Media technology moves fast, and legislators, judges, and the music industry are mostly slow to react. But the issues surrounding new technologies sometimes resemble those associated with more traditional formats.
At the annual gathering of the National Association of Recording Merchandisers in San Francisco on Tuesday, issues of artist and label compensation were front-and-center. And against a backdrop of free-falling album sales, the issues assumed a far greater level of urgency.
Predictably, executives continued to underscore the importance of a recording royalty from US-based terrestrial radio conglomerates. Traditional stations pay performance royalties to publishers, but the recording industry does not receive any compensation on their assets.
In the digital realm, labels have been careful to structure agreements and legal frameworks to rectify the issue. US-based streaming radio providers, for example, are required to remunerate SoundExchange, which collects recording royalties on non-interactive digital performances.
But the issue of terrestrial-based royalties remains complicated, and the radio industry is steadfastly uninterested in changing the status quo. And labels have always pushed for radio spins, without compensation. The reason is that the rotation of a song on terrestrial radio frequently leads to a boom in awareness and purchases, thanks to the massive exposure that mainstream radio offers. So why should radio pay?
Those within the industry have heard this issue before, but oddly enough, similar debates now surround the booming social networking space. Both MySpace and Bebo sold for hundreds of millions of dollars, and Facebook is now valued in the billions.
But should artists and labels get a piece of those payouts? After all, music represents an incredibly important component of almost every successful network. MySpace would be quite different without MySpace Music, and sites like Imeem would never exist.
But from a legal basis, the argument for compensation is difficult to make. Billy Bragg recently clamored for a fair payout by Bebo, acquired by AOL for $850 million earlier this year. But every artist on Bebo uploaded their material voluntarily, without requiring a stake in future earnings.
And during a social networking panel at NARM, entrepreneurs pointed to the considerable upside enjoyed by bands. "Lots of bands experience an immediate bump, and labels and artists are really interested in pushing their content online," said J. Scavo, general manager of MySpace Records.
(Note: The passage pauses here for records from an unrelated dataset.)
(* Let $m,n\in\mathbb{N}$ and let $\psi:\mathbb{F}[X]^m\to\{k^r:r\in\mathbb{Z}\}\cup\{0\}$ be bounded with $\psi(\mathbf{q})>0$ for infinitely many $\mathbf{q}$. Then $$\dim_H\mathcal{W}(m,n;\psi)\le n(m-1)+\min\{\eta(\psi),n\}.$$
   Context: $\mathbb{F}$ is a finite field with $k$ elements; $\mathbb{F}((X^{-1}))$ is the field of formal Laurent series in $X^{-1}$ over $\mathbb{F}$ with absolute value $|f|=k^{\deg f}$ ($|0|=0$). On vectors, $|\mathbf{x}|_\infty=\max_i|x_i|$; matrices in $\mathrm{Mat}_{m\times n}(\mathbb{F}((X^{-1})))$ are identified with vectors in $\mathbb{F}((X^{-1}))^{mn}$. For $\mathbf{v}\in\mathbb{F}((X^{-1}))^n$, $\|\mathbf{v}\|$ is the $|\cdot|_\infty$-distance from $\mathbf{v}$ to $\mathbb{F}[X]^n$. $\mathcal{W}(m,n;\psi)=\{A\in\mathrm{Mat}_{m\times n}(\mathbb{F}((X^{-1}))):\|\mathbf{q}A\|<\psi(\mathbf{q})\text{ for infinitely many }\mathbf{q}\in\mathbb{F}[X]^m\}$. $\eta(\psi)=\inf\{\eta\in\mathbb{R}:\sum_{\mathbf{q}\in\mathbb{F}[X]^m\setminus\{0\}}|\mathbf{q}|_\infty^n(\psi(\mathbf{q})/|\mathbf{q}|_\infty)^\eta<\infty\}$. $\dim_H$ is Hausdorff dimension. *)

theory Defs
  imports "HOL-Analysis.Analysis" "HOL-Computational_Algebra.Formal_Laurent_Series"
begin

text \<open>The field F((X^{-1})) of formal Laurent series in X^{-1} over a finite field F
  is modelled as the type 'a fls of Laurent series in the variable T = X^{-1}
  (Isabelle's fls_X plays the role of X^{-1}, fls_X_inv the role of X).
  The degree in X of a nonzero series f is then  - fls_subdegree f.\<close>

definition lsabs :: "'a::{field,finite} fls \<Rightarrow> real" where
  "lsabs f = (if f = 0 then 0 else real CARD('a) powr (real_of_int (- fls_subdegree f)))"

definition poly_to_ls :: "'a::{field,finite} poly \<Rightarrow> 'a fls" where
  "poly_to_ls p = poly (map_poly fls_const p) fls_X_inv"

definition vnorm :: "'a::{field,finite} fls ^ 'n::finite \<Rightarrow> real" where
  "vnorm v = Max (range (\<lambda>j. lsabs (v $ j)))"

definition pnorm :: "'a::{field,finite} poly ^ 'm::finite \<Rightarrow> real" where
  "pnorm q = vnorm (\<chi> i. poly_to_ls (q $ i))"

definition dist_int :: "'a::{field,finite} fls ^ 'n::finite \<Rightarrow> real" where
  "dist_int v = (INF p \<in> (UNIV :: ('a poly ^ 'n) set). vnorm (v - (\<chi> j. poly_to_ls (p $ j))))"

definition qA :: "'a::{field,finite} poly ^ 'm::finite \<Rightarrow> 'a fls ^ 'n::finite ^ 'm \<Rightarrow> 'a fls ^ 'n" where
  "qA q A = (\<chi> i. poly_to_ls (q $ i)) v* A"

definition W_set :: "('a::{field,finite} poly ^ 'm::finite \<Rightarrow> real) \<Rightarrow> ('a fls ^ 'n::finite ^ 'm) set" where
  "W_set psi = {A. infinite {q. dist_int (qA q A) < psi q}}"

definition eta :: "('a::{field,finite} poly ^ 'm::finite \<Rightarrow> real) \<Rightarrow> 'n::finite itself \<Rightarrow> ereal" where
  "eta psi _ = Inf {ereal e | e. (\<lambda>q. pnorm q ^ CARD('n) * (psi q / pnorm q) powr e)
                     summable_on (UNIV - {0})}"

text \<open>Matrices are identified with vectors in F((X^{-1}))^{mn}: sup-norm distance\<close>
definition mdist :: "'a::{field,finite} fls ^ 'n::finite ^ 'm::finite \<Rightarrow> 'a fls ^ 'n ^ 'm \<Rightarrow> real" where
  "mdist A B = Max (range (\<lambda>(i,j). lsabs ((A - B) $ i $ j)))"

definition gdiam :: "('x \<Rightarrow> 'x \<Rightarrow> real) \<Rightarrow> 'x set \<Rightarrow> ereal" where
  "gdiam d U = Sup {ereal (d x y) | x y. x \<in> U \<and> y \<in> U}"

definition cover_term :: "('x \<Rightarrow> 'x \<Rightarrow> real) \<Rightarrow> real \<Rightarrow> 'x set \<Rightarrow> ennreal" where
  "cover_term d s U = (if U = {} then 0
      else if gdiam d U = 0 then (if s = 0 then 1 else 0)
      else ennreal (real_of_ereal (gdiam d U) powr s))"

definition hausdorff_delta :: "('x \<Rightarrow> 'x \<Rightarrow> real) \<Rightarrow> real \<Rightarrow> real \<Rightarrow> 'x set \<Rightarrow> ennreal" where
  "hausdorff_delta d s \<delta> S = (INF U \<in> {U :: nat \<Rightarrow> 'x set. S \<subseteq> (\<Union>i. U i) \<and> (\<forall>i. gdiam d (U i) \<le> ereal \<delta>)}.
       (\<Sum>i. cover_term d s (U i)))"

definition hausdorff_measure :: "('x \<Rightarrow> 'x \<Rightarrow> real) \<Rightarrow> real \<Rightarrow> 'x set \<Rightarrow> ennreal" where
  "hausdorff_measure d s S = (SUP \<delta> \<in> {0<..}. hausdorff_delta d s \<delta> S)"

definition hausdorff_dim :: "('x \<Rightarrow> 'x \<Rightarrow> real) \<Rightarrow> 'x set \<Rightarrow> ereal" where
  "hausdorff_dim d S = Inf {ereal s | s. s \<ge> 0 \<and> hausdorff_measure d s S = 0}"

end

theory Submission
  imports Defs
begin

text \<open>
  Fix R and consider the matrices whose entries have absolute value at most k^R. Let q have degree D,
  attained at the coordinate i0, and let psi q = k^r with t = D - r \<ge> 0. If ||qA|| and ||qA'|| are
  both below psi q, and A, A' agree in row i0 to precision k^-(D+1) and in the other rows to precision
  k^-t, then they agree in row i0 to precision k^-t as well: the nearest polynomial vectors to qA and
  qA' coincide, and q_i0 has full degree D. So the q-set is covered by k^(n(D+1+R) + n(m-1)(t+R))
  cylinders of diameter psi q / |q| = k^-t, whose s-dimensional content is at most
  C_R |q|^n (psi q / |q|)^(s - n(m-1)). For s > n(m-1) + eta this is the general term of a convergent
  series, and every matrix in W lies in the q-sets of infinitely many q, so the tails of the series
  give covers of W of arbitrarily small content. The bound mn comes from covering by cylinders alone.
\<close>

no_notation fps_nth (infixl "$" 75)

section \<open>Coefficient valuation of Laurent series\<close>

definition vanishes_below :: "int \<Rightarrow> 'a::zero fls \<Rightarrow> bool" where
  "vanishes_below t f \<longleftrightarrow> (\<forall>l<t. fls_nth f l = 0)"

lemma vanishes_below_add: "vanishes_below t f \<Longrightarrow> vanishes_below t g \<Longrightarrow> vanishes_below t (f + g)"
  by (simp add: vanishes_below_def)

lemma vanishes_below_diff:
  "vanishes_below t f \<Longrightarrow> vanishes_below t (g::'a::ab_group_add fls) \<Longrightarrow> vanishes_below t (f - g)"
  by (simp add: vanishes_below_def)

lemma vanishes_below_mono: "vanishes_below t f \<Longrightarrow> t' \<le> t \<Longrightarrow> vanishes_below t' f"
  by (simp add: vanishes_below_def)

lemma vanishes_below_sum:
  "(\<And>i. i \<in> I \<Longrightarrow> vanishes_below t (f i)) \<Longrightarrow> vanishes_below t (\<Sum>i\<in>I. f i)"
  by (induction I rule: infinite_finite_induct) (auto simp: vanishes_below_def)
theorem proposition2p8:
  fixes sg :: "'k::field_char_0 \<Rightarrow> 'g::ab_group_add \<Rightarrow> 'g"
    and br :: "'g \<Rightarrow> 'g \<Rightarrow> 'g"
    and C :: "('k, 'g, 'v) gmod set"
    and du :: "('k, 'g, 'v) gmod \<Rightarrow> ('v \<Rightarrow> 'k) set"
  assumes "lie_algebra sg br"
    and "good_category sg br C"
    and "category_of_duals sg br C du"
    and "V \<in> C"
    and "invariant_subspace U V"
  shows "\<forall>m \<in> tannaka_monoid sg br C du. \<forall>u\<in>U. m V u \<in> U"
proof (intro ballI)
  fix m u
  assume "m \<in> tannaka_monoid sg br C du" and "u \<in> U"
  have "m \<in> Nat C du"
    using \<open>m \<in> tannaka_monoid sg br C du\<close> tannaka_monoid_subset_Nat by blast
  moreover have "subm V U \<in> C"
    using good_category_subm assms(2,4,5) .
  moreover have "U \<subseteq> carr V"
    using assms(5) unfolding invariant_subspace_def by blast
  ultimately show "m V u \<in> U"
    using Nat_preserves_subm \<open>V \<in> C\<close> \<open>u \<in> U\<close> by metis
qed

end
Others expressed similar sentiments, and the benefits undoubtedly run both ways. Still, the discussion remains fluid, and major labels are now grabbing an equity stake in a revamped, ecommerce-focused MySpace Music.
Meanwhile, Imeem pays dearly for the privilege of streaming major label content, a conversation that started with a massive lawsuit from Warner Music Group. But Imeem chief marketing officer and head of business development Steve Jiang opened the possibility of shared revenues for smaller artists, part of an evolving discussion.
Others pointed to an incredibly difficult negotiating table with independents, despite the presence of consortium Merlin. "If you want to do a deal with the indies, you are talking about thousands and thousands of contracts," said Jonas Woost, head of Music at Last.fm.
Meanwhile, Merlin is gaining strength, and potentially greater digital percentages in the process. The company recently pointed Digital Music News to a membership of 12,000 labels, a group that includes Koch, Beggars Group, Razor and Tie, and Epitaph. The group shared ambitions to tilt the negotiating table as the "fifth conversation," part of a mission to improve the bargaining power and licensing efficiency of smaller music groups.
Report by publisher Paul Resnikoff in San Francisco.